# Problem: Binary Classification of Iris Flowers

1. Dataset: Use the Iris dataset, a popular dataset in machine learning. It contains four features: sepal length, sepal width, petal length, and petal width, along with the species of iris (Setosa, Versicolor, or Virginica).

2. Objective: We will simplify the problem to binary classification by considering only two classes: Setosa and Versicolor. You will train the perceptron to distinguish between these two classes based on the provided features.

3. Steps:

    a)Load the Iris dataset.

    b) Preprocess the data: Since we're considering only two classes, Setosa and Versicolor, you can select only the corresponding rows from the dataset and use only the first two features (sepal length and sepal width) for simplicity.
    
    c) Implement the perceptron algorithm to learn a decision boundary that separates the two classes.
    Train the perceptron on a portion of the dataset.
    
    d)Test the perceptron on the remaining portion of the dataset and evaluate its performance (e.g., accuracy).
    
    e) Evaluation: You can evaluate the performance of your perceptron algorithm by calculating the accuracy, which is the proportion of correctly classified instances over the total number of instances.

4. Extension: Once you have a basic perceptron working, you can experiment with different aspects such as learning rate, number of epochs, feature scaling, or even extend it to handle multiple classes using techniques like one-vs-all or one-vs-one.

5. This exercise will allow you to test your perceptron algorithm in a simple binary classification task and assess its performance.

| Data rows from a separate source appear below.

(* Let $N,t,r,K$ be integers with $t,r\ge1$, $m=t+r<N$, $K\ge N$, and let $n_0=K-(N-t)+1$. For $s\ge0$ and $(x,y)\in(0,1]^2$ define $$f(x,y;s)=f_\beta(x;n_0,r,0)\,f_\beta(y;K-(N-t)+r+1,N-t-r,0)\,e^{-s xy}\sum_{k=0}^{n_0}\binom{n_0}{k}\frac{(r-1)!}{(r+k-1)!}[s\,y(1-x)]^k$$ (the joint pdf of the maximal invariant $(p_1,p_2)$ under $H_1$ when $\mathrm{SINR}=s$; the pdf under $H_0$ is $f(x,y;0)$). Then the locally most powerful invariant detector statistic $$t_{\mathrm{LMPID}}=\frac{\left.\frac{\partial f(p_1,p_2;s)}{\partial s}\right|_{s=0}}{f(p_1,p_2;0)}$$ equals $$t_{\mathrm{LMPID}}=\frac{K-(N-t)+1}{r}\,p_2(1-p_1)-p_1p_2,$$ so that the LMPID is the decision rule comparing this quantity with a threshold $\eta$ (deciding $H_1$ when it exceeds $\eta$).
   Context: $f_\beta(x;n,m,0)=\frac{(n+m-1)!}{(n-1)!(m-1)!}x^{n-1}(1-x)^{m-1}$ is the complex central beta pdf. Here $p_1=1/\bigl(1+\frac{m_1}{1+m_2}\bigr)$, $p_2=1/(1+m_2)$ with $m_1=\mathbf{z}_{2.3}^\dagger\mathbf{S}_{2.3}^{-1}\mathbf{z}_{2.3}$, $m_2=\mathbf{z}_3^\dagger\mathbf{S}_{33}^{-1}\mathbf{z}_3$, where $\mathbf{z}\in\mathbb{C}^N$ is partitioned into blocks $\mathbf{z}_1,\mathbf{z}_2,\mathbf{z}_3$ of sizes $t,r,N-m$, $\mathbf{S}$ (a Hermitian positive definite sample matrix) is partitioned conformably, $\mathbf{z}_{2.3}=\mathbf{z}_2-\mathbf{S}_{23}\mathbf{S}_{33}^{-1}\mathbf{z}_3$ and $\mathbf{S}_{2.3}=\mathbf{S}_{22}-\mathbf{S}_{23}\mathbf{S}_{33}^{-1}\mathbf{S}_{32}$; all that matters for the claim is that $(p_1,p_2)\in(0,1]^2$. *)

theory Defs
  imports "HOL-Analysis.Analysis"
begin

definition fbeta :: "nat \<Rightarrow> nat \<Rightarrow> real \<Rightarrow> real" where
  "fbeta n m x = fact (n + m - 1) / (fact (n - 1) * fact (m - 1)) * x ^ (n - 1) * (1 - x) ^ (m - 1)"

definition fjoint :: "nat \<Rightarrow> nat \<Rightarrow> nat \<Rightarrow> nat \<Rightarrow> real \<Rightarrow> real \<Rightarrow> real \<Rightarrow> real" where
  "fjoint N t r K x y s =
     (let n0 = K - (N - t) + 1 in
      fbeta n0 r x * fbeta (K - (N - t) + r + 1) (N - t - r) y * exp (- s * x * y) *
      (\<Sum>k = 0..n0. real (n0 choose k) * fact (r - 1) / fact (r + k - 1) * (s * y * (1 - x)) ^ k))"

definition t_LMPID :: "nat \<Rightarrow> nat \<Rightarrow> nat \<Rightarrow> nat \<Rightarrow> real \<Rightarrow> real \<Rightarrow> real" where
  "t_LMPID N t r K p1 p2 = deriv (\<lambda>s. fjoint N t r K p1 p2 s) 0 / fjoint N t r K p1 p2 0"

end

theory Submission
  imports Defs
begin

text \<open>As a function of \<open>s\<close>, the joint pdf is \<open>C exp(-s p\<^sub>1 p\<^sub>2) P(s)\<close>, where \<open>C\<close> is the
  product of the two beta densities and \<open>P\<close> is a polynomial in \<open>s p\<^sub>2 (1 - p\<^sub>1)\<close> with constant
  term \<open>1\<close> and linear coefficient \<open>n\<^sub>0 / r\<close>. The LMPID statistic is the logarithmic derivative
  at \<open>s = 0\<close>, in which \<open>C\<close> cancels, leaving \<open>(n\<^sub>0 / r) p\<^sub>2 (1 - p\<^sub>1) - p\<^sub>1 p\<^sub>2\<close>.\<close>

lemma sum_power_scaled_at_0:
  fixes a :: "nat \<Rightarrow> real"
  shows "(\<Sum>k = 0..n. a k * (0 * c) ^ k) = a 0"
  by (simp add: power_0_left sum.atLeast_Suc_atMost)

lemma has_real_derivative_sum_power_scaled_at_0:
  fixes a :: "nat \<Rightarrow> real"
  assumes "n \<ge> 1"
  shows "((\<lambda>s. \<Sum>k = 0..n. a k * (s * c) ^ k) has_real_derivative a 1 * c) (at 0)"
proof -
  have "((\<lambda>s. \<Sum>k = 0..n. a k * (s * c) ^ k) has_real_derivative
         (\<Sum>k = 0..n. a k * (of_nat k * (0 * c) ^ (k - 1) * c))) (at 0)"
    by (auto intro!: derivative_eq_intros sum.cong simp: mult_ac)
  also have "(\<Sum>k = 0..n. a k * (of_nat k * (0 * c) ^ (k - 1) * c))
           = (\<Sum>k = 0..n. if k = 1 then a 1 * c else 0)"
    by (rule sum.cong) (auto simp: power_0_left)
  also have "\<dots> = a 1 * c"
    using assms by simp
  finally show ?thesis .
qed

lemma log_deriv_exp_times_at_0:
  fixes P :: "real \<Rightarrow> real"
  assumes "(P has_real_derivative d) (at 0)" and "P 0 = 1" and "C \<noteq> 0"
  shows "deriv (\<lambda>s. C * exp (- s * b) * P s) 0 / (C * exp (- 0 * b) * P 0) = d - b"
proof -
  have "((\<lambda>s. C * exp (- s * b)) has_real_derivative C * (- b)) (at 0)"
    by (auto intro!: derivative_eq_intros)
  from DERIV_mult[OF this assms(1)]
  have "((\<lambda>s. C * exp (- s * b) * P s) has_real_derivative C * (- b) + C * d) (at 0)"
    using assms(2) by (simp add: mult.commute)
  then show ?thesis
    using assms(2,3) by (simp add: DERIV_imp_deriv field_simps)
qed

lemma fact_pred_div_fact:
  assumes "r \<ge> 1"
  shows "fact (r - 1) / fact r = 1 / (real r :: real)"
proof -
  have "fact r = real r * fact (r - 1)"
    using assms by (metis Suc_diff_1 fact_Suc less_le_trans of_nat_Suc zero_less_one)
  then show ?thesis
    using assms by (simp add: field_simps)
qed

lemma fjoint_factorization:
  "fjoint N t r K x y s =
     fbeta (K - (N - t) + 1) r x * fbeta (K - (N - t) + r + 1) (N - t - r) y * exp (- s * (x * y)) *
     (\<Sum>k = 0..K - (N - t) + 1.
        real ((K - (N - t) + 1) choose k) * fact (r - 1) / fact (r + k - 1) * (s * (y * (1 - x))) ^ k)"
  unfolding fjoint_def Let_def by (simp add: mult.assoc)

theorem proposition3:
  fixes N t r K :: nat and p1 p2 :: real
  assumes "t \<ge> 1" and "r \<ge> 1" and "t + r < N" and "K \<ge> N"
    and "p1 \<in> {0<..1}" and "p2 \<in> {0<..1}"
    and "fjoint N t r K p1 p2 0 \<noteq> 0"
  shows "t_LMPID N t r K p1 p2
           = real (K - (N - t) + 1) / real r * p2 * (1 - p1) - p1 * p2"
proof -
  define n0 where "n0 = K - (N - t) + 1"
  define a :: "nat \<Rightarrow> real" where "a k = real (n0 choose k) * fact (r - 1) / fact (r + k - 1)" for k
  define P where "P s = (\<Sum>k = 0..n0. a k * (s * (p2 * (1 - p1))) ^ k)" for s
  define C where "C = fbeta n0 r p1 * fbeta (K - (N - t) + r + 1) (N - t - r) p2"
  have fjoint_eq: "fjoint N t r K p1 p2 s = C * exp (- s * (p1 * p2)) * P s" for s
    unfolding fjoint_factorization C_def P_def a_def n0_def ..
  have P0: "P 0 = 1"
    unfolding P_def sum_power_scaled_at_0 a_def using assms(2) by simp
  have "(P has_real_derivative a 1 * (p2 * (1 - p1))) (at 0)"
    unfolding P_def by (rule has_real_derivative_sum_power_scaled_at_0) (simp add: n0_def)
  moreover have "C \<noteq> 0"
    using assms(7) P0 by (simp add: fjoint_eq)
  ultimately have "t_LMPID N t r K p1 p2 = a 1 * (p2 * (1 - p1)) - p1 * p2"
    unfolding t_LMPID_def fjoint_eq using log_deriv_exp_times_at_0 P0 by blast
  moreover have "a 1 = real n0 / real r"
    unfolding a_def using fact_pred_div_fact[OF assms(2)] by (simp add: field_simps)
  ultimately show ?thesis
    unfolding n0_def by simp
qed

end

## $1^{\underline{st}}$ stage: Preprocessing

In [52]:
import pandas as pd
import numpy as np
from sklearn.model_selection import train_test_split
from sklearn.preprocessing import StandardScaler

def load_data(dataset_path, column_names):

    # Load the dataset using Pandas.
    data = pd.read_csv(dataset_path, names=column_names)

    return data

def map_labels_to_int(data, class_column_name, label_0, label_1):

    # Map class labels to integers (e. g., 'category1' -> 0, 'category2' -> 1).
    class_mapping = {label_0: 0, label_1: 1}
    data[class_column_name] = data[class_column_name].map(class_mapping)

    return data

def extract_features_and_labels(data, class_column_name, features):
    
    # Extract features and labels.
    X = data[features].values
    y = data[class_column_name].values

    return X, y

def normalize_features(X):
    
    # Normalize_features.
    scaler = StandardScaler()
    X_scaled = scaler.fit_transform(X)

    return X_scaled

def split_test_train_sets(X_scaled, y, test_cardinality, randomness_status):

    # Split the dataset into training and testing sets.
    X_train, X_test, y_train, y_test = train_test_split(X_scaled, y, test_size=test_cardinality, random_state=randomness_status)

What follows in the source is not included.